Ebooks in February were about 30% of all sales, minus textbooks. Considering that non-fiction doesn’t do ebook as easily as fiction, it’s likely that ebooks were even greater than 30% of the fiction sales.
Publishers no doubt are scrambling a bit.
All the more reason to DIY and have more control.
Mark,
Not true across the industry…yet. At the moment the number is 10% of all fiction sold is ebooks. And growing quickly. However, some companies are already saying that 30% or so of their sales are ebooks. Sourcebooks for one. But across the fiction industry the number at the moment is 10%, up from 9% in January.
Mark, one correction on what I said. The AAP, which gets reports from 14 publishers only, just reported that those 14 publishers say their numbers are 29% for last month of ebooks sales, making it the largest category of sales outside of trade paper. But again, a very small sample and not the number most look to for a real number. But even that was a stunner. Might be closer to your number than the one that is the “official” number. If that is the case, traditional publishing is in trouble in many, many ways. Most people did not expect the 25% “official” number to hit until the middle of 2012. If it hits this year, oh, oh…
Aren’t those 14 publishers the biggies? I don’t know what the AAP uses, but I assumed those 14 included the big six.
I think the growth of ebooks is going faster than most people anticipated.
One other factor in the February numbers: Publishers may not have been shipping to Borders due to their bankruptcy filing. That may account in some part for the loss in paper sales vs. the gains in ebook sales.
Amazon is going to have the ad-supported Kindle 3 at $99 at some point this year.

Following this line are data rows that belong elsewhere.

section \<open>Almost sure linear bounds for partial sums\<close>

lemma (in prob_space) expectation_square_sum_pairwise_indep:
  fixes \<xi> :: "nat \<Rightarrow> 'a \<Rightarrow> 'b::topological_space" and h :: "'b \<Rightarrow> real"
  assumes [measurable]: "\<And>i. \<xi> i \<in> borel_measurable M" "h \<in> borel_measurable borel"
    and indep: "\<And>i j. i \<noteq> j \<Longrightarrow> indep_var borel (\<xi> i) borel (\<xi> j)"
    and distr: "\<And>i. distr M borel (\<xi> i) = distr M borel (\<xi> 0)"
    and bounded: "\<And>x. \<bar>h x\<bar> \<le> b" and centered: "expectation (\<lambda>\<omega>. h (\<xi> 0 \<omega>)) = 0"
  shows "expectation (\<lambda>\<omega>. (\<Sum>i<N. h (\<xi> i \<omega>))\<^sup>2) = real N * expectation (\<lambda>\<omega>. (h (\<xi> 0 \<omega>))\<^sup>2)"
proof -
  have integrable_h: "integrable M (\<lambda>\<omega>. h (\<xi> i \<omega>))" for i
    by (rule integrable_const_bound[where B=b]) (use bounded in auto)
  have integrable_hh: "integrable M (\<lambda>\<omega>. h (\<xi> i \<omega>) * h (\<xi> j \<omega>))" for i j
  proof (rule integrable_const_bound[where B="b\<^sup>2"])
    show "AE \<omega> in M. norm (h (\<xi> i \<omega>) * h (\<xi> j \<omega>)) \<le> b\<^sup>2"
      using bounded
      by (auto simp: abs_mult power2_eq_square intro!: mult_mono order.trans[OF abs_ge_zero])
  qed measurable
  have mixed: "expectation (\<lambda>\<omega>. h (\<xi> i \<omega>) * h (\<xi> j \<omega>))
      = (if i = j then expectation (\<lambda>\<omega>. (h (\<xi> 0 \<omega>))\<^sup>2) else 0)" for i j
  proof (cases "i = j")
    case True
    then show ?thesis
      using integral_eq_if_distr_eq[of "\<xi> i" M "\<xi> 0" "\<lambda>x. (h x)\<^sup>2"] distr
      by (simp add: power2_eq_square)
  next
    case False
    have "expectation (\<lambda>\<omega>. h (\<xi> i \<omega>)) = 0"
      using integral_eq_if_distr_eq[of "\<xi> i" M "\<xi> 0" h] distr centered by simp
    with False show ?thesis
      using indep_var_integral_mult(1)[OF indep[OF False] _ _ integrable_h integrable_h] by simp
  qed
  have "expectation (\<lambda>\<omega>. (\<Sum>i<N. h (\<xi> i \<omega>))\<^sup>2)
      = (\<Sum>i<N. \<Sum>j<N. expectation (\<lambda>\<omega>. h (\<xi> i \<omega>) * h (\<xi> j \<omega>)))"
    using integrable_hh
    by (simp add: power2_eq_square sum_product Bochner_Integration.integral_sum
        Bochner_Integration.integrable_sum)
  also have "\<dots> = real N * expectation (\<lambda>\<omega>. (h (\<xi> 0 \<omega>))\<^sup>2)"
    by (simp add: mixed sum.delta)
  finally show ?thesis .
qed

The iPad 2 is selling like crazy. The color Nook is rumored to be selling 700,000 units a month (that’s from a respected Asian source that monitors units shipped). There are a number of new tablet devices shipping this year. And smartphones continue to gain marketshare.

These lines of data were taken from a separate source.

definition Lp_dist_pow :: "(real ^ 'x) set \<Rightarrow> real \<Rightarrow> (real ^ 'x \<Rightarrow> real ^ 'y)
    \<Rightarrow> (real ^ 'x \<Rightarrow> real ^ 'y) \<Rightarrow> ennreal" where
  "Lp_dist_pow K p f g = (\<integral>\<^sup>+ x. ennreal (lp_pow p (f x - g x)) \<partial>(lebesgue_on K))"

definition in_Lp :: "(real ^ 'x) set \<Rightarrow> real \<Rightarrow> (real ^ 'x \<Rightarrow> real ^ 'y) \<Rightarrow> bool" where
  "in_Lp K p f \<longleftrightarrow> f \<in> borel_measurable (lebesgue_on K) \<and>
     (\<integral>\<^sup>+ x. ennreal (lp_pow p (f x)) \<partial>(lebesgue_on K)) < \<infinity>"

end

theory Submission
  imports Defs
begin

text \<open>A network of width below \<open>d\<^sub>y\<close> either has no hidden layer, and is then affine, or
  its output layer has fewer than \<open>d\<^sub>y\<close> columns, so that all its values lie in an affine
  hyperplane \<open>u \<bullet> v = c\<close> with \<open>u \<noteq> 0\<close>. At three equally spaced points an affine map cannot
  come within \<open>1/(8 d\<^sub>y)\<close> of the bump \<open>0, l e\<^sub>a, 0\<close> when \<open>l \<ge> 1/2\<close>, and a hyperplane
  cannot come that close both to \<open>0\<close> and to every \<open>l e\<^sub>k\<close>. A continuous target that runs
  through this pattern at the equally spaced points \<open>y + j t\<close>, for every \<open>y\<close> in a small
  ball, therefore has sup-distance at least \<open>1/(8 d\<^sub>y)\<close> from every such network. For the
  \<open>L\<^sup>p\<close> bound: if the set where target and network are that far apart had small measure,
  finitely many of its translates could not cover the ball, and a point \<open>y\<close> outside all of
  them would contradict the previous statement.\<close>

lemma nn_hidden_dim_le: "nn_hidden S w g m \<Longrightarrow> m \<le> w"
  by (induction rule: nn_hidden.induct) auto

lemma exists_orthogonal_to_columns:
  fixes W :: "'n::finite \<Rightarrow> nat \<Rightarrow> real"
  assumes "m < CARD('n)"
  obtains u :: "real^'n" where "u \<noteq> 0" "\<And>j. j < m \<Longrightarrow> (\<Sum>k\<in>UNIV. u $ k * W k j) = 0"
proof -
  define cols where "cols = (\<lambda>j. \<chi> k. W k j) ` {..<m}"
  have "dim cols \<le> card cols" by (rule dim_le_card) (auto simp: cols_def span_base)
  also have "\<dots> \<le> m" unfolding cols_def using card_image_le by fastforce
  finally have "dim cols < DIM(real^'n)" using assms by simp
  then obtain u :: "real^'n" where "u \<noteq> 0" and "\<And>v. v \<in> span cols \<Longrightarrow> orthogonal u v"
    using orthogonal_to_subspace_exists by blast
  moreover have "(\<Sum>k\<in>UNIV. u $ k * W k j) = u \<bullet> (\<chi> k. W k j)" for j
    by (simp add: inner_vec_def)
  ultimately show thesis using that by (auto simp: cols_def orthogonal_def span_base)
qed

lemma narrow_network_affine_or_in_hyperplane:
  fixes g :: "real^'x \<Rightarrow> real^'y"
  assumes "g \<in> networks S (CARD('y) - 1)"
  shows "(\<exists>(A :: real^'x^'y) c. g = (\<lambda>x. A *v x + c)) \<or> (\<exists>u c. u \<noteq> 0 \<and> (\<forall>x. u \<bullet> g x = c))"
proof -
  have "\<exists>u c. u \<noteq> 0 \<and> (\<forall>x. u \<bullet> g x = c)"
    if h: "nn_hidden S (CARD('y) - 1) h m" and g: "g = (\<lambda>x. \<chi> k. (\<Sum>j<m. W k j * h x j) + c $ k)"
    for h m W c
  proof -
    have "m < CARD('y)"
      using nn_hidden_dim_le[OF h] zero_less_card_finite[where 'a='y] by linarith
    then obtain u :: "real^'y" where u: "u \<noteq> 0" "\<And>j. j < m \<Longrightarrow> (\<Sum>k\<in>UNIV. u $ k * W k j) = 0"
      using exists_orthogonal_to_columns[of m W] by blast
    have "u \<bullet> g x = (\<Sum>j<m. (\<Sum>k\<in>UNIV. u $ k * W k j) * h x j) + u \<bullet> c" for x
      by (simp add: g inner_vec_def algebra_simps sum.distrib sum_distrib_left sum_distrib_right
          sum.swap[of _ UNIV "{..<m}"])
    with u show ?thesis by auto
  qed
  with assms show ?thesis unfolding networks_def by blast
qed

lemma abs_inner_le_sum_abs_mult_infnorm:
  fixes u v :: "real^'n"
  shows "\<bar>u \<bullet> v\<bar> \<le> (\<Sum>k\<in>UNIV. \<bar>u $ k\<bar>) * infnorm v"
proof -
  have "\<bar>u \<bullet> v\<bar> \<le> (\<Sum>k\<in>UNIV. \<bar>u $ k\<bar> * \<bar>v $ k\<bar>)"
    unfolding inner_vec_def by (rule order_trans[OF sum_abs]) (simp add: abs_mult)
  also have "\<dots> \<le> (\<Sum>k\<in>UNIV. \<bar>u $ k\<bar> * infnorm v)"
    by (intro sum_mono mult_left_mono component_le_infnorm_cart) auto
  finally show ?thesis by (simp add: sum_distrib_right)
qed

lemma hyperplane_far_from_scaled_basis:
  fixes u v\<^sub>0 :: "real^'n" and v :: "'n \<Rightarrow> real^'n" and l \<epsilon> :: real
  assumes "u \<noteq> 0" and "u \<bullet> v\<^sub>0 = c" and "infnorm v\<^sub>0 \<le> \<epsilon>"
    and "\<And>k. u \<bullet> v k = c" and "\<And>k. infnorm (v k - l *\<^sub>R axis k 1) \<le> \<epsilon>"
  shows "\<bar>l\<bar> \<le> 2 * real CARD('n) * \<epsilon>"
proof -
  define U where "U = (\<Sum>k\<in>UNIV. \<bar>u $ k\<bar>)"
  have "U > 0"
  proof -
    obtain k where "u $ k \<noteq> 0" using assms(1) by (metis vec_eq_iff zero_index)
    then have "0 < \<bar>u $ k\<bar>" by simp
    also have "\<bar>u $ k\<bar> \<le> U" unfolding U_def by (rule member_le_sum) auto
    finally show ?thesis .
  qed
  have c: "\<bar>c\<bar> \<le> U * \<epsilon>"
    using abs_inner_le_sum_abs_mult_infnorm[of u v\<^sub>0] assms(2,3) \<open>U > 0\<close>
    by (metis U_def mult_left_mono order.trans less_imp_le)
  have "\<bar>l\<bar> * \<bar>u $ k\<bar> \<le> 2 * U * \<epsilon>" for k
  proof -
    have "\<bar>c - l * u $ k\<bar> = \<bar>u \<bullet> (v k - l *\<^sub>R axis k 1)\<bar>"
      using assms(4)[of k] by (simp add: inner_diff_right inner_axis)
    also have "\<dots> \<le> U * \<epsilon>"
      using abs_inner_le_sum_abs_mult_infnorm[of u] assms(5)[of k] \<open>U > 0\<close>
      by (metis U_def mult_left_mono order.trans less_imp_le)
    finally show ?thesis using c by (simp add: abs_mult[symmetric])
  qed
  then have "(\<Sum>k\<in>UNIV. \<bar>l\<bar> * \<bar>u $ k\<bar>) \<le> (\<Sum>k\<in>(UNIV::'n set). 2 * U * \<epsilon>)"
    by (intro sum_mono) auto
  then have "\<bar>l\<bar> * U \<le> (2 * real CARD('n) * \<epsilon>) * U"
    by (simp add: U_def sum_distrib_left sum_distrib_right mult.commute mult.left_commute)
  with \<open>U > 0\<close> show ?thesis by simp
qed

More and more people are going to own portable devices that can be used for ebooks.
Mark, again, the big six is a very misleading term. More than likely five to ten of the fourteen are owned by one or the other of the big six. Maybe even all. But the reporting companies are the ones that want to report this stuff and know how to even track it. See Kris’s post today. The ones that can’t track it won’t report. And remember, there are upwards of a thousand different publishing companies at the level of the ones reporting. All imprints, publishing houses, or businesses not associated with the big six, as people call them. 14 is a very small number of companies that want to report. Not sure, but if Sourcebooks is one (because they do know the numbers) they would be tilting heavily the scale toward e-books. And if Harlequin reported, or any of their imprints reported, they also know how to track and are ahead of the game and thus would lean heavy toward eBooks.
And yes, you are right, the factors in this are the lack of shipments to Borders and also the huge Christmas push of new devices.
No doubt in the slightest this number, either 10% across the board or 35% of 14 self-selected companies, is going to climb like crazy. We will hit 50% and level in that range in a few years, that much everyone is sure about. Which publishing companies can make the transition through all their overhead and labor contracts to get to that day is anyone’s guess.
Woot! (a daily deal site) had refurbished e-ink Nooks on sale Weds for $99. I bought 3. I love me my Nook and am tired of the kids stealing it!
Dean, there’s one small flaw with your logic.
That 10% number you’re quoting came from the AAP research, too.
So the same source that came up with the 10% number that’s been floating around the publishing world NOW says that number was 29.5% – in February.
Wonder what it was in March? Wonder what it is now, in April?